Теперь понятно, почему Жирар может поставить рядом героев Сервантеса, Стендаля, Достоевского и Пруста: мышление романиста литературоцентрично, но не в том смысле, в каком о литературности как замкнутой риторичности рассуждал Ролан Барт и его последователи. Все названные романисты позволяют понять друг друга не потому, что думают о создании убедительного образа героя, а потому, что выстраивают литературный опыт, которого хватит и на других героев будущих романов: проблематика такой литературности остается открытой и не исчерпывается риторическими фигурами. «Точки соприкосновения... не объяснимы литературным влиянием», и даже сам писатель, создатель вечных образов, не может вполне осознать, какую именно суть он раскрыл, пока создавал героя.
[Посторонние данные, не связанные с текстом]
text \<open>The sign of the \<open>y\<close>-term reflects \<open>\<langle>\<psi>\<^sub>+|\<sigma>\<^sub>y \<otimes> \<sigma>\<^sub>y|\<psi>\<^sub>+\<rangle> = -1\<close>.\<close>

lemma expect_psi_plus_dot_sigma:
  "expect 2 (\<lambda>k. if k = 0 then dot_sigma x1 y1 z1 else dot_sigma x2 y2 z2) psi_plus
   = complex_of_real (x1 * x2 - y1 * y2 + z1 * z2)"
  by (simp add: expect_ghz numeral_2_eq_2 lessThan_Suc dot_sigma_entries complex_eq_iff field_simps)

lemma abs_psi_plus_correlation_le_1:
  fixes x1 y1 z1 x2 y2 z2 :: real
  assumes "x1\<^sup>2 + y1\<^sup>2 + z1\<^sup>2 \<le> 1" and "x2\<^sup>2 + y2\<^sup>2 + z2\<^sup>2 \<le> 1"
  shows "\<bar>x1 * x2 - y1 * y2 + z1 * z2\<bar> \<le> 1"
proof -
  \<comment> \<open>Lagrange's identity for the vectors \<open>(x\<^sub>1, y\<^sub>1, z\<^sub>1)\<close> and \<open>(x\<^sub>2, -y\<^sub>2, z\<^sub>2)\<close>\<close>
  have "(x1\<^sup>2 + y1\<^sup>2 + z1\<^sup>2) * (x2\<^sup>2 + y2\<^sup>2 + z2\<^sup>2) - (x1 * x2 - y1 * y2 + z1 * z2)\<^sup>2
      = (x1 * y2 + y1 * x2)\<^sup>2 + (x1 * z2 - z1 * x2)\<^sup>2 + (y1 * z2 + z1 * y2)\<^sup>2"
    by (simp add: power2_eq_square algebra_simps)
  then have "(x1 * x2 - y1 * y2 + z1 * z2)\<^sup>2 \<le> (x1\<^sup>2 + y1\<^sup>2 + z1\<^sup>2) * (x2\<^sup>2 + y2\<^sup>2 + z2\<^sup>2)"
    by (smt (verit) zero_le_power2)
  also have "\<dots> \<le> 1"
    using assms by (intro mult_le_one) auto
  finally show ?thesis
    by (simp add: abs_square_le_1)
qed

lemma prod_of_real_mult_cis:
  "(\<Prod>k\<in>K. complex_of_real (u k) * cis (v k)) = complex_of_real (\<Prod>k\<in>K. u k) * cis (\<Sum>k\<in>K. v k)"
  by (induction K rule: infinite_finite_induct) (simp_all add: cis_mult[symmetric] algebra_simps)

lemma expect_ghz_bigAB:
  assumes "N \<ge> 2"
  shows "expect N (bigAB N al ph a b) (ghz N) = complex_of_real
    ((if even N then (\<Prod>j=1..N-1. cos (al a j)) * cos (al b N) else 0)
     + (\<Prod>j=1..N-1. sin (al a j)) * sin (al b N) * cos ((\<Sum>j=1..N-1. ph a j) + ph b N))"
proof -
  obtain m where m: "N = Suc m"
    using assms by (cases N) auto
  define C where "C = (\<Prod>j=1..N-1. cos (al a j))"
  define S where "S = (\<Prod>j=1..N-1. sin (al a j))"
  define \<gamma> where "\<gamma> = (\<Sum>j=1..N-1. ph a j) + ph b N"
  have prod_shift: "(\<Prod>j=1..N-1. f j) = (\<Prod>k<m. f (Suc k))" for f :: "nat \<Rightarrow> 'c::comm_monoid_mult"
    by (simp add: m prod.atLeast1_atMost_eq)
  have factors: "(\<Prod>k<N. bigAB N al ph a b k r c)
      = (\<Prod>j=1..N-1. bloch_obs (al a j) (ph a j) r c) * bloch_obs (al b N) (ph b N) r c" for r c
    unfolding prod_shift by (simp add: m bigAB_def)
  have "(\<Prod>k<N. bigAB N al ph a b k False False) = complex_of_real (C * cos (al b N))"
    and "(\<Prod>k<N. bigAB N al ph a b k True True) = complex_of_real ((-1) ^ N * C * cos (al b N))"
    unfolding factors C_def prod_shift bloch_obs_entries
    by (simp_all add: prod_uminus m)
  moreover have "(\<Prod>k<N. bigAB N al ph a b k False True) = complex_of_real (S * sin (al b N)) * cis (- \<gamma>)"
    and "(\<Prod>k<N. bigAB N al ph a b k True False) = complex_of_real (S * sin (al b N)) * cis \<gamma>"
    unfolding factors S_def \<gamma>_def bloch_obs_entries prod_of_real_mult_cis
    by (simp_all add: sum_negf cis_mult mult_ac add_ac)
  ultimately have "expect N (bigAB N al ph a b) (ghz N)
      = complex_of_real ((1 + (-1) ^ N) / 2 * C * cos (al b N) + S * sin (al b N) * cos \<gamma>)"
    using assms by (simp add: expect_ghz field_simps) (simp add: complex_eq_iff)
  also have "(1 + (-1) ^ N) / 2 = (if even N then 1 else 0 :: real)"
    by simp
  finally show ?thesis
    by (cases "even N") (simp_all add: C_def S_def \<gamma>_def)
qed

lemma twoA_eq_dot_sigma:
  "twoA N al ph a = dot_sigma
     ((\<Prod>j=1..N-1. sin (al a j)) * cos (\<Sum>j=1..N-1. ph a j) / sqrt (Dnd N (al a)))
     ((\<Prod>j=1..N-1. sin (al a j)) * sin (\<Sum>j=1..N-1. ph a j) / sqrt (Dnd N (al a)))
     ((\<Prod>j=1..N-1. cos (al a j)) / sqrt (Dnd N (al a)))"
  by (simp add: twoA_def Let_def)

lemma twoB_eq_dot_sigma:
  "twoB N al ph b = dot_sigma
     ((if even N then sin (al b N) else 1) * cos (ph b N))
     ((if even N then sin (al b N) else 1) * sin (ph b N))
     (if even N then cos (al b N) else 0)"
  by (simp add: twoB_def bloch_obs_def)

lemma twoAB_eq: "twoAB N al ph a b = (\<lambda>k. if k = 0 then twoA N al ph a else twoB N al ph b)"
  by (simp add: fun_eq_iff twoAB_def)

lemma expect_psi_plus_twoAB:
  "expect 2 (twoAB N al ph a b) psi_plus = complex_of_real
    (((if even N then (\<Prod>j=1..N-1. cos (al a j)) * cos (al b N) else 0)
      + (\<Prod>j=1..N-1. sin (al a j)) * (if even N then sin (al b N) else 1)
          * cos ((\<Sum>j=1..N-1. ph a j) + ph b N)) / sqrt (Dnd N (al a)))"
  unfolding twoAB_eq twoA_eq_dot_sigma twoB_eq_dot_sigma expect_psi_plus_dot_sigma
  by (rule arg_cong[where f = complex_of_real])
     (simp add: cos_add add_divide_distrib diff_divide_distrib algebra_simps)

lemma abs_Re_expect_psi_plus_twoAB_le_1:
  "\<bar>Re (expect 2 (twoAB N al ph a b) psi_plus)\<bar> \<le> 1"
proof -
  define C where "C = (\<Prod>j=1..N-1. cos (al a j))"
  define S where "S = (\<Prod>j=1..N-1. sin (al a j))"
  define \<beta> where "\<beta> = (\<Sum>j=1..N-1. ph a j)"
  define r where "r = (if even N then sin (al b N) else 1)"
  define z where "z = (if even N then cos (al b N) else 0)"
  have D: "Dnd N (al a) = C\<^sup>2 + S\<^sup>2"
    by (simp add: Dnd_def C_def S_def)
  have "(S * cos \<beta> / sqrt (Dnd N (al a)))\<^sup>2 + (S * sin \<beta> / sqrt (Dnd N (al a)))\<^sup>2
      + (C / sqrt (Dnd N (al a)))\<^sup>2 = ((S * cos \<beta>)\<^sup>2 + (S * sin \<beta>)\<^sup>2 + C\<^sup>2) / (C\<^sup>2 + S\<^sup>2)"
    by (simp add: D power_divide add_divide_distrib)
  also have "(S * cos \<beta>)\<^sup>2 + (S * sin \<beta>)\<^sup>2 + C\<^sup>2 = C\<^sup>2 + S\<^sup>2"
    by (simp add: power_mult_distrib flip: distrib_left)
  also have "(C\<^sup>2 + S\<^sup>2) / (C\<^sup>2 + S\<^sup>2) \<le> 1"
    \<comment> \<open>not \<open>= 1\<close>: if \<open>D = 0\<close>, then \<open>1 / \<surd>D = 0\<close> and \<open>A\<^sub>a\<close> is the zero matrix\<close>
    by simp
  finally have unit_A: "(S * cos \<beta> / sqrt (Dnd N (al a)))\<^sup>2 + (S * sin \<beta> / sqrt (Dnd N (al a)))\<^sup>2
      + (C / sqrt (Dnd N (al a)))\<^sup>2 \<le> 1" .
  have "(r * cos (ph b N))\<^sup>2 + (r * sin (ph b N))\<^sup>2 + z\<^sup>2 = r\<^sup>2 + z\<^sup>2"
    by (simp add: power_mult_distrib flip: distrib_left)
  also have "r\<^sup>2 + z\<^sup>2 = 1"
    by (simp add: r_def z_def)
  finally have unit_B: "(r * cos (ph b N))\<^sup>2 + (r * sin (ph b N))\<^sup>2 + z\<^sup>2 \<le> 1"
    by simp
  show ?thesis
    using abs_psi_plus_correlation_le_1[OF unit_A unit_B]
    unfolding twoAB_eq twoA_eq_dot_sigma twoB_eq_dot_sigma expect_psi_plus_dot_sigma
      C_def[symmetric] S_def[symmetric] \<beta>_def[symmetric] r_def[symmetric] z_def[symmetric]
    by (simp only: Re_complex_of_real)
qed

lemma expect_ghz_bigAB_eq_scaled:
  assumes "N \<ge> 2" and "Dnd N (al a) \<noteq> 0"
  shows "expect N (bigAB N al ph a b) (ghz N)
    = complex_of_real (sqrt (Dnd N (al a)) * (if even N then 1 else sin (al b N)))
      * expect 2 (twoAB N al ph a b) psi_plus"
proof -
  have "sqrt (Dnd N (al a)) \<noteq> 0"
    using assms(2) by simp
  then show ?thesis
    unfolding expect_ghz_bigAB[OF assms(1)] expect_psi_plus_twoAB
    by (cases "even N") (simp_all flip: of_real_mult of_real_divide)
qed

lemma prod_cos_sq_add_prod_sin_sq_le_1:
  fixes f :: "'a \<Rightarrow> real"
  assumes "finite J" and "J \<noteq> {}"
  shows "(\<Prod>j\<in>J. cos (f j))\<^sup>2 + (\<Prod>j\<in>J. sin (f j))\<^sup>2 \<le> 1"
  using assms
proof (induction J rule: finite_ne_induct)
  case (singleton j)
  show ?case by simp
next
  case (insert j J)
  let ?P = "\<Prod>j\<in>J. cos (f j)" and ?Q = "\<Prod>j\<in>J. sin (f j)"
  have "(cos (f j) * ?P)\<^sup>2 + (sin (f j) * ?Q)\<^sup>2 \<le> ?P\<^sup>2 + ?Q\<^sup>2"
    unfolding power_mult_distrib
    by (intro add_mono mult_left_le_one_le) (auto simp: abs_square_le_1)
  with insert show ?case by simp
qed

lemma Dnd_le_1: "N \<ge> 2 \<Longrightarrow> Dnd N A \<le> 1"
  unfolding Dnd_def by (rule prod_cos_sq_add_prod_sin_sq_le_1) auto

lemma mult_le_of_unit_interval:
  fixes x y c :: real
  assumes "0 \<le> x" "x \<le> 1" "y \<le> c" "0 \<le> c"
  shows "x * y \<le> c"
proof (cases "y \<ge> 0")
  case True
  then have "x * y \<le> y"
    using assms(1,2) by (simp add: mult_left_le_one_le)
  then show ?thesis using assms(3) by linarith
next
  case False
  then have "x * y \<le> 0"
    using assms(1) by (simp add: mult_nonneg_nonpos)
  then show ?thesis using assms(4) by linarith
qed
Схема, в которой герой романа сам читает романы, как Дон Кихот — рыцарские повествования, а пушкинская Татьяна — сентиментальную прозу, оказывается ключевой. Ведь читатель, в том числе и герой-читатель, только и может стать субъектом сознания, не нуждающегося в подпорках социально значимой риторики.
Изумительны рассуждения Жирара о Достоевском. Мыслитель утверждает, что говоря о «страшной силе смирения», Достоевский подразумевает романическое творчество, как требующее человека всецело. Жирар замечает, что на Западе Достоевского восприняли сначала просто как глашатая мистической русской души. Но роман Достоевского — «завершение» и «высшая стадия» современного романа. Конфликты, которые опосредованы у других романистов характером и обстоятельствами, в прозе Достоевского разворачиваются во всей масштабности миметического соперничества, так что характеры и обстоятельства остаются лишь симптомами происходящего.
Жирар отвергает как реалистическую критику, усматривающую в романах лишь отражение социальных процессов, так и попытки экзистенциалистов догматизировать автономность героя-романтика. Доходя до тончайшей детализации в анализе самых сложных романов, Жирар говорит о простых вещах, таких как тщеславие, богатство, знатность, власть, успех, понятных даже ребенку, но стоящих за якобы всегда нюансированной и неуловимой психологией романного героя. Снобизм и кокетство, равно как и псевдоаскеза лицемера оказываются вовсе не сложными взрослыми стратегиями, а побочным отработанным продуктом бесконечного взаимного подражания желаниям других людей. Жирар тщательно избегает ловушки «психологии»: его интересует не только индивидуальность постромантического времени, но и социум, производящий такую индивидуальность, как, скажем, бюрократическая система царской России. Поэтому проблема двойника во всех работах Жирара о Достоевском, не исключая эту книгу, это вопрос социальных, а не индивидуальных реакций. Схема внушение — подражание — утрата чувства реальности — паралич способности суждения оказывается объяснением как поведения героя, так и окружающих его социальных процессов. И персонажи Флобера, и персонажи Достоевского, стремясь упрочить индивидуализм, движутся в сторону уподобления друг другу до взаимозаменяемости.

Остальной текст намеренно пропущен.